▶ _AIM OF THE TASK_
Nothing but the lines from the one containing "using H that commensurable_inverse_imp_root_of_unity[OF" through the last line of the data below should be returned, each copied exactly.

▶ _SOURCE DATA_
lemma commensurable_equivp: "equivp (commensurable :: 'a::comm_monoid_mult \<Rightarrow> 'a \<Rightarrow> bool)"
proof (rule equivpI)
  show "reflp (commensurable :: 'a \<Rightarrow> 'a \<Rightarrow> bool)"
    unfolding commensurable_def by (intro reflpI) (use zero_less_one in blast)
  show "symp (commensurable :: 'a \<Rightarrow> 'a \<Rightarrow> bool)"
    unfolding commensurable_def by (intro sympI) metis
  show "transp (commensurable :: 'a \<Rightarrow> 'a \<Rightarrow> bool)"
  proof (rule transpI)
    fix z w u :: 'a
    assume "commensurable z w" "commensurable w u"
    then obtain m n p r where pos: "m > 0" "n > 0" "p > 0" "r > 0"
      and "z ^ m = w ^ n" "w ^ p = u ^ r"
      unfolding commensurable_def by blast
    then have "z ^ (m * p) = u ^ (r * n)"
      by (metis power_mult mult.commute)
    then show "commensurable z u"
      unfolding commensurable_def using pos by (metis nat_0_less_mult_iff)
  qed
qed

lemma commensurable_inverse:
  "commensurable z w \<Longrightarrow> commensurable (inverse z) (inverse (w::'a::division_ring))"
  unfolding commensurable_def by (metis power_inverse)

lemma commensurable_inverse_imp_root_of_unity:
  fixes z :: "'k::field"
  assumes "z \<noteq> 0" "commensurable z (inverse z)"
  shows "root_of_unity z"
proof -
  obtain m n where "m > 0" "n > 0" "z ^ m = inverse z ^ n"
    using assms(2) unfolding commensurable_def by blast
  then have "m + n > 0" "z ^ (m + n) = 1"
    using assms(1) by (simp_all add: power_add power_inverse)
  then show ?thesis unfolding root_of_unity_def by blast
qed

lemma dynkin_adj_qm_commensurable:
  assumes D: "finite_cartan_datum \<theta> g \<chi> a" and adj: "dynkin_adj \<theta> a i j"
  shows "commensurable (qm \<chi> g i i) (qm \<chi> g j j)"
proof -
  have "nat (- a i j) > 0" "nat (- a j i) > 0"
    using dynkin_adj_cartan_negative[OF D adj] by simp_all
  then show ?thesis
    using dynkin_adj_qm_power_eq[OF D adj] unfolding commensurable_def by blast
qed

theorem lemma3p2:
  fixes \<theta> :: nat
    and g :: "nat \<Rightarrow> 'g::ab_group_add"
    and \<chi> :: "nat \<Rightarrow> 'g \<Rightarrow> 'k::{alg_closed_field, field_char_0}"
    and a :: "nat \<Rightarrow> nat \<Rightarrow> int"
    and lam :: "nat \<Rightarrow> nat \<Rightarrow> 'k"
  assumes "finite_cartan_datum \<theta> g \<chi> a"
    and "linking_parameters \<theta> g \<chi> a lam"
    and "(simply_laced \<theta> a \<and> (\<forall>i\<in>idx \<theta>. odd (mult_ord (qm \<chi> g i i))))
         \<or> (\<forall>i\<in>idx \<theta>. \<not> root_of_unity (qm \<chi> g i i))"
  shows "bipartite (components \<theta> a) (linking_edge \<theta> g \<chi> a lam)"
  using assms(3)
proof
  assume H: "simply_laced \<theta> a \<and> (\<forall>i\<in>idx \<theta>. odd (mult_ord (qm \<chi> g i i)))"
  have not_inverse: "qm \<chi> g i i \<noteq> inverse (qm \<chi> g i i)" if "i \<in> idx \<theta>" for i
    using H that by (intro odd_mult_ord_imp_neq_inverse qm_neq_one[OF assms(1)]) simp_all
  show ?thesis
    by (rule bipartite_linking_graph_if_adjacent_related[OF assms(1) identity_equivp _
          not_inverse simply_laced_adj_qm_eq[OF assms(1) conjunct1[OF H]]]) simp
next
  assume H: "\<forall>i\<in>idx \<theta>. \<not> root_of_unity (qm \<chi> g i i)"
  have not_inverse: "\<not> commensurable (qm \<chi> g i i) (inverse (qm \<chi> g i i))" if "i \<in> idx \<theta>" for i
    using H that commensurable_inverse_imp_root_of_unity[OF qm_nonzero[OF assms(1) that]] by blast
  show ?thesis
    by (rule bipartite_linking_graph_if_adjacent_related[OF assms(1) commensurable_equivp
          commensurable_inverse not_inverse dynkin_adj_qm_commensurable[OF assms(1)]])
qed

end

▶ _WRITTEN SOLUTION_
    using H that commensurable_inverse_imp_root_of_unity[OF qm_nonzero[OF assms(1) that]] by blast
  show ?thesis
    by (rule bipartite_linking_graph_if_adjacent_related[OF assms(1) commensurable_equivp
          commensurable_inverse not_inverse dynkin_adj_qm_commensurable[OF assms(1)]])
qed

end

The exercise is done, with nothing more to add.